WHAT THE TASK REQUIRES: For the records that follow, please set down exactly the lines between the one holding "using x by (simp" and the one holding "proof (rule lp_op_norm_le[OF p_pos])", inclusive, and only those.

[Stored data entries]
BEGIN

lemma block_of_eqI: "m \<in> N k \<Longrightarrow> block_of m = k"
  using block_of_mem[of m] N_disj[of k "block_of m"] by blast

lemma enumerate_block_pos: "enumerate (N (block_of m)) (block_pos m) = m"
  unfolding block_pos_def by (rule someI_ex[OF enumerate_Ex[OF N_inf block_of_mem]])

lemma block_pos_enumerate: "block_pos (enumerate (N k) i) = i"
proof -
  have k: "block_of (enumerate (N k) i) = k"
    by (intro block_of_eqI enumerate_in_set N_inf)
  have "enumerate (N k) (block_pos (enumerate (N k) i)) = enumerate (N k) i"
    using enumerate_block_pos[of "enumerate (N k) i"] unfolding k .
  thus ?thesis
    by (rule injD[OF inj_enumerate[OF N_inf]])
qed

lemma inj_block_coords: "inj (\<lambda>m. (block_of m, block_pos m))"
proof (rule injI)
  fix m m' assume "(block_of m, block_pos m) = (block_of m', block_pos m')"
  hence "enumerate (N (block_of m)) (block_pos m) = enumerate (N (block_of m')) (block_pos m')"
    by simp
  thus "m = m'"
    by (simp only: enumerate_block_pos)
qed

lemma uk_eq: "uk k x m = (if block_of m = k then u x (block_pos m) else 0)"
proof (cases "block_of m = k")
  case True
  thus ?thesis
    using uk_on[of k x "block_pos m"] enumerate_block_pos[of m] by simp
next
  case False
  thus ?thesis
    using uk_off[of m k x] block_of_eqI[of m k] by auto
qed

lemma partial_sum_uk:
  "(\<Sum>k<n. a k * uk k x m) = (if block_of m < n then a (block_of m) * u x (block_pos m) else 0)"
proof -
  have "(\<Sum>k<n. a k * uk k x m) =
      (\<Sum>k<n. if k = block_of m then a (block_of m) * u x (block_pos m) else 0)"
    by (intro sum.cong) (auto simp: uk_eq)
  thus ?thesis by simp
qed

(* block_sum b is the operator \<Sum>k. b k \<cdot> uk k, evaluated coordinatewise by partial_sum_uk. *)
definition block_sum :: "(nat \<Rightarrow> 'a) \<Rightarrow> (nat \<Rightarrow> 'a) \<Rightarrow> (nat \<Rightarrow> 'a)" where
  "block_sum b x = (\<lambda>m. b (block_of m) * u x (block_pos m))"

lemma
  assumes b: "b \<in> lp_space p" and x: "x \<in> lp_space p"
  shows lp_space_block_sum: "block_sum b x \<in> lp_space p"
    and lp_norm_block_sum_le: "lp_norm p (block_sum b x) \<le> lp_norm p b * lp_norm p (u x)"
proof -
  have ux: "u x \<in> lp_space p"
    by (rule bounded_lp_op_lp_space[OF u_op x])
  have eq: "norm (block_sum b x m) powr p = norm (b (block_of m)) powr p * norm (u x (block_pos m)) powr p"
    for m by (simp add: block_sum_def norm_mult powr_mult)
  note prod = summable_reindex_product_le[OF inj_block_coords _ lp_spaceD[OF b] _ lp_spaceD[OF ux],
      simplified]
  show s: "block_sum b x \<in> lp_space p"
    using prod(1) by (simp add: lp_space_def eq)
  have "(\<Sum>m. norm (block_sum b x m) powr p) \<le> (lp_norm p b * lp_norm p (u x)) powr p"
    using prod(2) p_pos
    by (simp add: eq powr_mult lp_norm_powr[OF p_pos b] lp_norm_powr[OF p_pos ux])
  thus "lp_norm p (block_sum b x) \<le> lp_norm p b * lp_norm p (u x)"
    using p_pos s lp_norm_nonneg[of p b] lp_norm_nonneg[of p "u x"]
    by (intro lp_norm_le_if_powr_sum_le) auto
qed

lemma bounded_lp_op_block_sum:
  assumes b: "b \<in> lp_space p"
  shows "bounded_lp_op p (block_sum b)"
proof -
  obtain C where C: "\<And>x. x \<in> lp_space p \<Longrightarrow> lp_norm p (u x) \<le> C * lp_norm p x"
    using bounded_lp_op_bound[OF u_op] by blast
  show ?thesis
    unfolding bounded_lp_op_def
  proof (intro conjI ballI allI exI)
    fix x :: "nat \<Rightarrow> 'a" assume x: "x \<in> lp_space p"
    show "block_sum b x \<in> lp_space p"
      by (rule lp_space_block_sum[OF b x])
    show "lp_norm p (block_sum b x) \<le> (lp_norm p b * C) * lp_norm p x"
      using lp_norm_block_sum_le[OF b x] mult_left_mono[OF C[OF x] lp_norm_nonneg[of p b]]
      by (simp add: mult.assoc)
    show "block_sum b (\<lambda>i. c * x i) = (\<lambda>i. c * block_sum b x i)" for c
      using x by (simp add: block_sum_def bounded_lp_op_scale[OF u_op] mult.left_commute)
    fix y :: "nat \<Rightarrow> 'a" assume y: "y \<in> lp_space p"
    show "block_sum b (\<lambda>i. x i + y i) = (\<lambda>i. block_sum b x i + block_sum b y i)"
      using x y by (simp add: block_sum_def bounded_lp_op_add[OF u_op] distrib_left)
  qed
qed

lemma lp_op_norm_block_sum_le:
  assumes b: "b \<in> lp_space p"
  shows "lp_op_norm p (block_sum b) \<le> lp_norm p b * lp_op_norm p u"
proof (rule lp_op_norm_le[OF p_pos])
  fix x :: "nat \<Rightarrow> 'a" assume x: "x \<in> lp_space p" "lp_norm p x \<le> 1"
  have "lp_norm p (block_sum b x) \<le> lp_norm p b * lp_norm p (u x)"
    by (rule lp_norm_block_sum_le[OF b x(1)])
  also have "\<dots> \<le> lp_norm p b * lp_op_norm p u"
    by (intro mult_left_mono lp_norm_le_lp_op_norm[OF u_op x] lp_norm_nonneg)
  finally show "lp_norm p (block_sum b x) \<le> lp_norm p b * lp_op_norm p u" .
qed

END

EXERCISE OUTPUT:
      using x by (simp add: block_sum_def bounded_lp_op_scale[OF u_op] mult.left_commute)
    fix y :: "nat \<Rightarrow> 'a" assume y: "y \<in> lp_space p"
    show "block_sum b (\<lambda>i. x i + y i) = (\<lambda>i. block_sum b x i + block_sum b y i)"
      using x y by (simp add: block_sum_def bounded_lp_op_add[OF u_op] distrib_left)
  qed
qed

lemma lp_op_norm_block_sum_le:
  assumes b: "b \<in> lp_space p"
  shows "lp_op_norm p (block_sum b) \<le> lp_norm p b * lp_op_norm p u"
proof (rule lp_op_norm_le[OF p_pos])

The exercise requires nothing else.